Al Muntazah is a supermarket chain in the Kingdom of Bahrain. It is believed to be the biggest supermarket chain in the kingdom. Al Muntazah Markets is the subsidiary of Almeer Group which was founded in 1905.

In 1984, the Almeer Group opened the first Al Muntazah Market outlet in Muharraq. The Al Muntazah footprint has been steadily extended across the country with a further ten supermarkets.

In 2013, Al Muntazah Markets expanded its non-food retail business by opening Al Muntazah Stationery in Muharraq, selling stationery products and providing photocopying services aimed at businesses, educational institutes and students.

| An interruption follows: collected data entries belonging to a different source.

lemma nn_integral_gauge_layer_scaleR:
  "(\<integral>\<^sup>+u. ennreal (indicator {0..1 / N u} t * ((real DIM('a) + p) * t powr (real DIM('a) + p - 1))
        * (indicator (ball 0 1) u * norm u powr real DIM('a) * \<phi> u)) \<partial>lborel)
   = (\<integral>\<^sup>+y. ennreal (indicator {norm y<..} t * ((real DIM('a) + p) * t powr (- real DIM('a) - 1))
        * (indicator {y. N y \<le> 1} y * norm y powr real DIM('a) * \<phi> y)) \<partial>lborel)"
  (is "(\<integral>\<^sup>+u. ennreal (?H u) \<partial>lborel) = (\<integral>\<^sup>+y. ennreal (?J y) \<partial>lborel)")
proof (cases "t > 0")
  case True
  have [measurable]: "Measurable.pred borel (\<lambda>y::'a. t \<in> {norm y<..})"
    by simp
  have "(\<integral>\<^sup>+y. ennreal (?J y) \<partial>lborel) = ennreal (t ^ DIM('a)) * (\<integral>\<^sup>+u. ennreal (?J (t *\<^sub>R u)) \<partial>lborel)"
    by (rule nn_integral_lborel_scaleR[OF _ True]) measurable
  also have "\<dots> = (\<integral>\<^sup>+u. ennreal (t ^ DIM('a)) * ennreal (?J (t *\<^sub>R u)) \<partial>lborel)"
    by (rule nn_integral_cmult[symmetric]) measurable
  also have "\<dots> = (\<integral>\<^sup>+u. ennreal (?H u) \<partial>lborel)"
    by (intro nn_integral_cong, subst gauge_layer_scaleR[OF True]) (use True in \<open>simp add: ennreal_mult'\<close>)
  finally show ?thesis ..
next
  case False
  moreover have "\<not> norm u < t" for u :: 'a
    using False norm_ge_zero[of u] by linarith
  ultimately have vanish: "?H u = 0" "?J u = 0" for u
    by (auto simp: indicator_def not_less)
  show ?thesis
    by (simp only: vanish)
qed

lemma nn_integral_gauge_shell:
  "(\<integral>\<^sup>+t. ennreal (indicator {norm y<..} t * ((real DIM('a) + p) * t powr (- real DIM('a) - 1))
        * (indicator {y. N y \<le> 1} y * norm y powr real DIM('a) * \<phi> y)) \<partial>lborel)
   = ennreal ((real DIM('a) + p) / real DIM('a) * (indicator {y. N y \<le> 1} y * \<phi> y))"
proof (cases "y = 0")
  case False
  define d where "d = real DIM('a)"
  define C where "C = (d + p) * (indicator {y. N y \<le> 1} y * norm y powr d * \<phi> y)"
  have C: "C \<ge> 0" unfolding C_def d_def using hom_nonneg hom_degree_pos by simp
  have "d > 0" unfolding d_def by simp
  have "(\<integral>\<^sup>+t. ennreal (indicator {norm y<..} t * ((d + p) * t powr (- d - 1))
        * (indicator {y. N y \<le> 1} y * norm y powr d * \<phi> y)) \<partial>lborel)
      = (\<integral>\<^sup>+t. ennreal (indicator {norm y<..} t * t powr (- d - 1)) * ennreal C \<partial>lborel)"
    by (intro nn_integral_cong, subst ennreal_mult''[symmetric, OF C]) (simp add: C_def mult_ac)
  also have "\<dots> = (\<integral>\<^sup>+t. ennreal (indicator {norm y<..} t * t powr (- d - 1)) \<partial>lborel) * ennreal C"
    by (rule nn_integral_multc) measurable
  also have "\<dots> = ennreal (norm y powr (- d) / d) * ennreal C"
    by (subst nn_integral_Ioi_powr) (use False \<open>d > 0\<close> in auto)
  also have "\<dots> = ennreal (norm y powr (- d) / d * C)"
    by (rule ennreal_mult''[symmetric, OF C])
  also have "norm y powr (- d) / d * C = (d + p) / d * (indicator {y. N y \<le> 1} y * \<phi> y)"
    using False unfolding C_def by (simp add: powr_minus divide_simps)
  finally show ?thesis unfolding d_def .
qed (simp add: hom_zero)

In 2015, the company further extended its operations by opening its first Al Muntazah Express branch in Muharraq. The second express branch is due to open in the city of Rifa'a by the first quarter of 2016.

The supermarkets do not sell cigarettes; nor do they sell pork, or products containing alcohol, in line with Islamic principles. Some outlets are open 24 hours a day (Muharraq, Rifa'a and Hoora branch), depending on their location and local demand.

In 2002, the supermarket chain led a consumer boycott of American brands against Israel's hostility towards Palestinians in West Bank and the Occupied Territories.

Al Muntazah has branches in Manama, Muharraq, Kazino, Galali, Rifa'a, Arad, Hamad Town, Hoora, Sitra and Isa Town.